# How bad would it be to vest a sudo service dog ?



## brandonb (Nov 9, 2010)

I have been reading Colorado State law and it seems to me that you do not even have to register a working dog. I would need her badged as well as me from a 3rd party pet supply company but, apparently stores cannot ask for "papers". Let me explain so I do not sound so crazy. I am doing a lot of scent work with her and when I am able to bring her in stores she is able to smell, see and hear lots of different things. Plus the socialization is awesome, thank god Best Buy here will let her come in with me as she absolutely loves it. She will not be an ADA dog but more along the lines of SAR. We have done SCH but, the club really turned me off to the sport. Has any one done this or is this pretty bad to do ?


----------



## RockinIt (Jan 29, 2011)

This is just my opinion (so take it for what it's worth), but I find trying to pass off a non-service dog as a service dog to be in very bad taste. To me it is the same as someone borrowing their grandmother's handicap tag so they can get a good parking spot when they're running late for something. You could simply ask to speak to the manager of whatever store you're wanting to go into and explain what you are training your dog for. If they let you in, great (get the permission in writing for later visits perhaps?), if not...there are plenty of other places to socialize your dog.


----------



## NancyJ (Jun 15, 2003)

It is wrong. If this is really going to be a SAR dog? (I am not sure I understand "along the lines of SAR")....then it is not something you need anyway or can get enough of during training (for example we have done some training in a dark abandoned warehouse with permission which is nothing like a well lit store, but more realistic for a search scenario) and disasster dogs have their own mock ups for training.

. Home Depot is pretty good about letting dogs in as are pet stores and farm stores. That should be enough.


----------



## Jax08 (Feb 13, 2009)

It's not just in bad taste. It's illegal as far as I know. If you are doing it simply for socialization purposes, many stores will let you in if you call and ask.


----------



## x0emiroxy0x (Nov 29, 2010)

You could potentially get in trouble if you are found out...I wouldn't lie because the consequences can be bad and can harm future service dogs.

Go to the business and speak to the manager in person, and request for a one on one meeting between him and your dog. Prove your dog's friendliness and ask if you can schedule times to come in (perhaps when it isn't super busy) so that you and the manager are happy!


----------



## Zoeys mom (Jan 23, 2010)

It's definitely a no no and hear is why. If you are disabled and NEED your SD to perform daily tasks for you inside and outside of your home your dog is in fact your lifeline. So if some yahoo with a fake vest brings their dog into a public place and that dog bites, destroys something, potties, or misbehaves in anyway you and your dog just jeopardized someone's lifeline It only takes a few instances to royally screw it up for the people who need those dogs so please ask for permission don't fake having an SD


----------



## Zeusismydog (Aug 23, 2001)

Zoeys mom said:


> It's definitely a no no and hear is why. If you are disabled and NEED your SD to perform daily tasks for you inside and outside of your home your dog is in fact your lifeline. So if some yahoo with a fake vest brings their dog into a public place and that dog bites, destroys something, potties, or misbehaves in anyway you and your dog just jeopardized someone's lifeline It only takes a few instances to royally screw it up for the people who need those dogs so please ask for permission don't fake having an SD


I agree 200% with this post. There are a lot of places you can take your dog. Most of the pet stores have a huge number of smells. Here there is Costco and they let well behaved pets in. Like the others said, if you call and ask there are a lot of stores that will work with you. If you want socialization you can get that outside any store! This is my pet peeve as I have a service dog and it is getting harder and harder with more and more....I will be nice and say..persons... pretending their dogs are service dogs. My dog is as necessary to me as a wheel chair is to someone who cant walk. Would you go someplace with a wheel chair just so you could get a better seat or a closer parking lot. 

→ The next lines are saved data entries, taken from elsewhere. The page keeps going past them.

(* Let $X$ be a scattered topological space such that $\mathrm{Homeo}(X)$ is fully transitive. Then the topological group $\mathrm{Homeo}(X)$ is amenable and Roelcke-precompact.
   Context: A topological space (not assumed Hausdorff) is scattered if every nonempty subset has a point that is isolated in that subset. For scattered $X$, $\mathrm{Homeo}(X)$ is endowed with the topology of pointwise convergence on $X$, making it a Hausdorff topological group. Two points $x,y\in X$ are similar if there are neighbourhoods $U_x\ni x$, $U_y\ni y$ and a homeomorphism $h\colon U_x\to U_y$ with $h(x)=y$. $\mathrm{Homeo}(X)$ is fully transitive if for every $k$ and all $k$-tuples $(x_1,\dots,x_k)$, $(y_1,\dots,y_k)$ of pairwise distinct points with $x_i$ similar to $y_i$ for each $i$, some homeomorphism $g$ satisfies $g(x_i)=y_i$ for all $i$. Amenable: every continuous affine action on a nonempty compact convex set has a fixed point. Roelcke-precompact: for every identity neighbourhood $U$ there is a finite $F$ with $G=UFU$. *)

theory Defs
  imports "HOL-Analysis.Analysis"
begin

definition scattered_space :: "'a topology \<Rightarrow> bool" where
  "scattered_space X \<longleftrightarrow>
     (\<forall>S. S \<subseteq> topspace X \<and> S \<noteq> {} \<longrightarrow>
        (\<exists>x\<in>S. \<exists>U. openin X U \<and> U \<inter> S = {x}))"

definition Homeo :: "'a topology \<Rightarrow> ('a \<Rightarrow> 'a) set" where
  "Homeo X = {h. homeomorphic_map X X h \<and> (\<forall>x. x \<notin> topspace X \<longrightarrow> h x = x)}"

definition pointwise_topology :: "'a topology \<Rightarrow> ('a \<Rightarrow> 'a) topology" where
  "pointwise_topology X =
     topology_generated_by
       (insert (Homeo X) {{h \<in> Homeo X. h x \<in> U} | x U. x \<in> topspace X \<and> openin X U})"
lemma neg_mult_ln_le_1: "0 \<le> (p::real) \<Longrightarrow> - (p * ln p) \<le> 1"
proof (cases "p = 0")
  case False
  assume "0 \<le> p"
  then have p: "0 < p" using False by simp
  have "ln (1/p) \<le> 1/p - 1" using p by (intro ln_le_minus_one) auto
  then have "- ln p \<le> 1/p - 1" using p by (simp add: ln_div)
  then have "p * (- ln p) \<le> p * (1/p - 1)" using p by (intro mult_left_mono) auto
  moreover have "p * (1/p - 1) = 1 - p" using p by (simp add: field_simps)
  ultimately show ?thesis using p by linarith
qed simp

lemma power2_diff_le:
  fixes a b t :: real
  assumes "a \<ge> 0" "b \<ge> 0" "t > 0"
  shows "a\<^sup>2 - b\<^sup>2 \<le> t * (a - b)\<^sup>2 / 2 + (a + b)\<^sup>2 / (2 * t)"
proof -
  have "0 \<le> (t * (a - b) - (a + b))\<^sup>2" by simp
  then have "2 * t * ((a - b) * (a + b)) \<le> (t * (a - b))\<^sup>2 + (a + b)\<^sup>2"
    by (simp add: power2_eq_square algebra_simps)
  then have "(a - b) * (a + b) \<le> t * (a - b)\<^sup>2 / 2 + (a + b)\<^sup>2 / (2 * t)"
    using assms(3) by (simp add: field_simps power2_eq_square)
  then show ?thesis by (simp add: power2_eq_square algebra_simps)
qed

lemma real_sqrt_prod: "sqrt (prod f A) = (\<Prod>i\<in>A. sqrt (f i))"
  by (induction A rule: infinite_finite_induct) (auto simp: real_sqrt_mult)

lemma sqrt_exp: "sqrt (exp x) = exp (x / 2)"
proof -
  have "exp x = (exp (x/2))\<^sup>2" by (simp add: power2_eq_square exp_add[symmetric])
  then show ?thesis by simp
qed

lemma real_div_nat_ge: "b > 0 \<Longrightarrow> real (a div b) \<ge> real a / real b - 1" for a b :: nat
proof -
  assume b: "b > 0"
  have "real a = real b * real (a div b) + real (a mod b)"
    by (metis of_nat_add of_nat_mult div_mult_mod_eq mult.commute)
  moreover have "real (a mod b) < real b" using b by simp
  ultimately have "real a / real b < real (a div b) + 1" using b by (simp add: field_simps)
  then show ?thesis by simp
qed

lemma log2_div_neg_log2: "log 2 x / - log 2 d = ln x / - ln d"
  by (simp add: log_def field_simps)

lemma eventually_ln_div_le:
  assumes c: "c > 0" and e: "e > 0"
  shows "eventually (\<lambda>n. ln ((real n + 1) / c) \<le> (1 + e) * ln (real n)) sequentially"
proof -
  have "filterlim (\<lambda>n. ln (real n)) at_top sequentially"
    by (rule filterlim_compose[OF ln_at_top filterlim_real_sequentially])
  then have "eventually (\<lambda>n. (ln 2 - ln c) / e \<le> ln (real n)) sequentially"
    unfolding filterlim_at_top by auto
  moreover have "eventually (\<lambda>n. n \<ge> (1::nat)) sequentially" by (rule eventually_ge_at_top)
  ultimately show ?thesis
  proof eventually_elim
    case (elim n)
    have "ln ((real n + 1) / c) = ln (real n + 1) - ln c" using c by (simp add: ln_div)
    also have "\<dots> \<le> ln (2 * real n) - ln c" using elim by (intro diff_right_mono ln_mono) auto
    also have "\<dots> = ln 2 + ln (real n) - ln c" using elim by (simp add: ln_mult)
    also have "\<dots> \<le> e * ln (real n) + ln (real n)" using elim e by (simp add: field_simps)
    finally show ?case by (simp add: algebra_simps)
  qed
qed
lemma lasso_invariantD: "lasso_invariant T P f \<Longrightarrow> lasso T P x = lasso T P y \<Longrightarrow> f x = f y"
  unfolding lasso_invariant_def by blast

lemma lasso_invariant_refine:
  "lasso_invariant T P f \<Longrightarrow> 0 < P \<Longrightarrow> 0 < P' \<Longrightarrow> T \<le> T' \<Longrightarrow> P dvd P' \<Longrightarrow>
   lasso_invariant T' P' f"
  unfolding lasso_invariant_def by (meson lasso_refine)

lemma funpow_lasso_invariant:
  assumes "finite S" "x0 \<in> S" "g ` S \<subseteq> S"
  shows "\<exists>T P. 0 < P \<and> lasso_invariant T P (\<lambda>k. (g ^^ k) x0)"
proof -
  define h where "h k = (g ^^ k) x0" for k
  have "h k \<in> S" for k
    unfolding h_def by (induction k) (use assms(2,3) in auto)
  then have "\<not> inj_on h {..card S}"
    using card_inj_on_le[of h "{..card S}" S] assms(1) by fastforce
  then obtain a b where ab: "a < b" "h a = h b"
    unfolding inj_on_def by (metis linorder_neqE_nat)
  define P where "P = b - a"
  have P: "0 < P"
    using ab by (simp add: P_def)
  have periodic: "h (m + s * P) = h m" if "a \<le> m" for m s
  proof (induction s)
    case (Suc s)
    have "m + Suc s * P = (m + s * P - a) + b"
      using that ab by (simp add: P_def)
    then have "h (m + Suc s * P) = (g ^^ (m + s * P - a)) (h b)"
      by (simp add: h_def funpow_add)
    also have "\<dots> = (g ^^ (m + s * P - a)) (h a)"
      using ab by simp
    also have "\<dots> = h (m + s * P - a + a)"
      by (simp add: h_def funpow_add)
    also have "\<dots> = h (m + s * P)"
      using that by simp
    finally show ?case
      using Suc by simp
  qed simp
  have ordered: "h x = h y" if xy: "a \<le> x" "x \<le> y" "x mod P = y mod P" for x y
  proof -
    obtain s where "y = x + P * s"
      using mod_eq_nat2E[OF xy(3,2)] .
    then show ?thesis
      using periodic[OF xy(1), of s] by (simp add: mult.commute)
  qed
  have "h x = h y" if "lasso a P x = lasso a P y" for x y
  proof (cases "x = y")
    case False
    then have "a \<le> x" "a \<le> y" "x mod P = y mod P"
      using that lasso_eq_iff[OF P] by blast+
    then show ?thesis
      using ordered[of x y] ordered[of y x] by (cases "x \<le> y") (simp_all add: eq_commute)
  qed simp
  then show ?thesis
    using P unfolding lasso_invariant_def h_def by blast
qed

lemma lasso_invariant_common:
  assumes "finite S" "\<forall>q\<in>S. \<exists>T P. 0 < P \<and> lasso_invariant T P (f q)"
  shows "\<exists>T P. 0 < P \<and> (\<forall>q\<in>S. lasso_invariant T P (f q))"
  using assms
proof (induction S rule: finite_induct)
  case empty
  show ?case
    by (rule exI[of _ 0], rule exI[of _ 1]) simp
next
  case (insert x S)
  then obtain T P where "0 < P" "\<forall>q\<in>S. lasso_invariant T P (f q)"
    by auto
  moreover obtain T' P' where "0 < P'" "lasso_invariant T' P' (f x)"
    using insert.prems by auto
  moreover have PP': "0 < P * P'"
    using \<open>0 < P\<close> \<open>0 < P'\<close> by simp
  moreover have "lasso_invariant (T + T') (P * P') g" if "lasso_invariant T P g" for g
    using lasso_invariant_refine[OF that \<open>0 < P\<close> PP'] by simp
  moreover have "lasso_invariant (T + T') (P * P') g" if "lasso_invariant T' P' g" for g
    using lasso_invariant_refine[OF that \<open>0 < P'\<close> PP'] by simp
  ultimately show ?case
    by blast
qed

lemma dfa_iterates_lasso_invariant:
  fixes \<delta> :: "'s \<Rightarrow> 'c::finite \<Rightarrow> 's"
  assumes "finite S" "\<forall>q\<in>S. \<forall>c. \<delta> q c \<in> S"
  shows "\<exists>T P. 0 < P \<and> (\<forall>c. \<forall>q\<in>S. lasso_invariant T P (\<lambda>x. ((\<lambda>q. \<delta> q c) ^^ x) q))"
proof -
  define f where "f = (\<lambda>(c, q) x. ((\<lambda>q. \<delta> q c) ^^ x) q)"
  have closed: "(\<lambda>q. \<delta> q c) ` S \<subseteq> S" for c
    using assms(2) by auto
  have "\<exists>T P. 0 < P \<and> lasso_invariant T P (f cq)" if cq: "cq \<in> UNIV \<times> S" for cq
  proof -
    obtain c q where "cq = (c, q)" "q \<in> S"
      using cq by (cases cq) auto
    then have "f cq = (\<lambda>x. ((\<lambda>q. \<delta> q c) ^^ x) q)"
      by (simp add: f_def)
    show ?thesis
      unfolding \<open>f cq = _\<close> by (rule funpow_lasso_invariant[OF assms(1) \<open>q \<in> S\<close> closed[of c]])
  qed
  moreover have "finite ((UNIV :: 'c set) \<times> S)"
    using assms(1) by (intro finite_cartesian_product finite_UNIV)
  ultimately obtain T P where "0 < P" "\<forall>cq\<in>UNIV \<times> S. lasso_invariant T P (f cq)"
    using lasso_invariant_common[of "UNIV \<times> S" f] by blast
  then show ?thesis
    by (intro exI[of _ T] exI[of _ P]) (auto simp: f_def)
qed

section \<open>Regular unary languages\<close>

lemma regular_langI:
  fixes S :: "'s set" and \<delta> :: "'s \<Rightarrow> 'c \<Rightarrow> 's"
  assumes "finite S" "q0 \<in> S" "\<forall>q\<in>S. \<forall>c. \<delta> q c \<in> S" "F \<subseteq> S"
  shows "regular_lang {w. foldl \<delta> q0 w \<in> F}"
proof -
  obtain f :: "'s \<Rightarrow> nat" and m where f: "f ` S = {i. i < m}" "inj_on f S"
    using finite_imp_inj_to_nat_seg[OF assms(1)] by blast
  define g where "g = the_inv_into S f"
  have gf: "g (f q) = q" if "q \<in> S" for q
    using f(2) that by (simp add: g_def the_inv_into_f_f)
  define \<delta>' where "\<delta>' q c = f (\<delta> (g q) c)" for q c
  have closed: "foldl \<delta> q w \<in> S" if "q \<in> S" for q w
    using that by (induction w arbitrary: q) (use assms(3) in auto)
  have fold: "foldl \<delta>' (f q) w = f (foldl \<delta> q w)" if "q \<in> S" for q w
    using that by (induction w arbitrary: q) (use assms(3) in \<open>auto simp: \<delta>'_def gf\<close>)
  have "{w. foldl \<delta> q0 w \<in> F} = {w. foldl \<delta>' (f q0) w \<in> f ` F}"
    using fold[OF assms(2)] closed[OF assms(2)] assms(4) f(2) by (auto simp: inj_on_image_mem_iff)
  moreover have "finite (f ` S)" "f q0 \<in> f ` S" "\<forall>q\<in>f ` S. \<forall>c. \<delta>' q c \<in> f ` S" "f ` F \<subseteq> f ` S"
    using assms by (auto simp: \<delta>'_def gf)
  ultimately show ?thesis
    unfolding regular_lang_def by blast
qed

lemma foldl_replicate: "foldl \<delta> q (replicate k c) = ((\<lambda>q. \<delta> q c) ^^ k) q"
  by (induction k arbitrary: q) (simp_all add: funpow_Suc_right del: funpow.simps)

lemma unary_word_image: "unary_word ` L = {w. length w \<in> L}"
proof -
  have "w = unary_word (length w)" for w
    by (simp add: unary_word_def replicate_length_same)
  then show ?thesis
    by (auto simp: unary_word_def)
qed

lemma foldl_unary: "foldl \<delta> q (w :: unit list) = ((\<lambda>q. \<delta> q ()) ^^ length w) q"
  using foldl_replicate[of \<delta> q "length w" "()"] by (simp add: replicate_length_same)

Sorry for the rant but it is something I have been fighting and I find myself going out less and less because of it.


----------



## Zoeys mom (Jan 23, 2010)

I said hear and not here...face palm I need sleep,lol


----------



## onyx'girl (May 18, 2007)

Agree with all the above, completely immoral and not helping the SD's...they have enough problems entering establishments, schools and everywhere else...trying to "prove" their worthiness in public.
I think it is a shameful thing to do to have your dog pose as one.


----------



## BOHICA Bay (Jan 26, 2011)

There are enough legal/morally acceptable locations you can expose your dog to scents without having to resort to such a "plan". There is no reason to have to try to pass your dog off as something she is not.


----------



## BOHICA Bay (Jan 26, 2011)

BTW, I believe you mean pseudo


----------



## krystyne73 (Oct 13, 2010)

Bad taste...don't do it.
In our town, Blockbuster lets us bring our dogs in there and our animal zoo did too lol


----------



## GSD_Xander (Nov 27, 2010)

Like the PP's said - it's in poor taste and I think it may be illegal to boot. 

I'm sure on the SAR forums there would be some good ideas from people that do SAR of places you can take your dog and training you can do. 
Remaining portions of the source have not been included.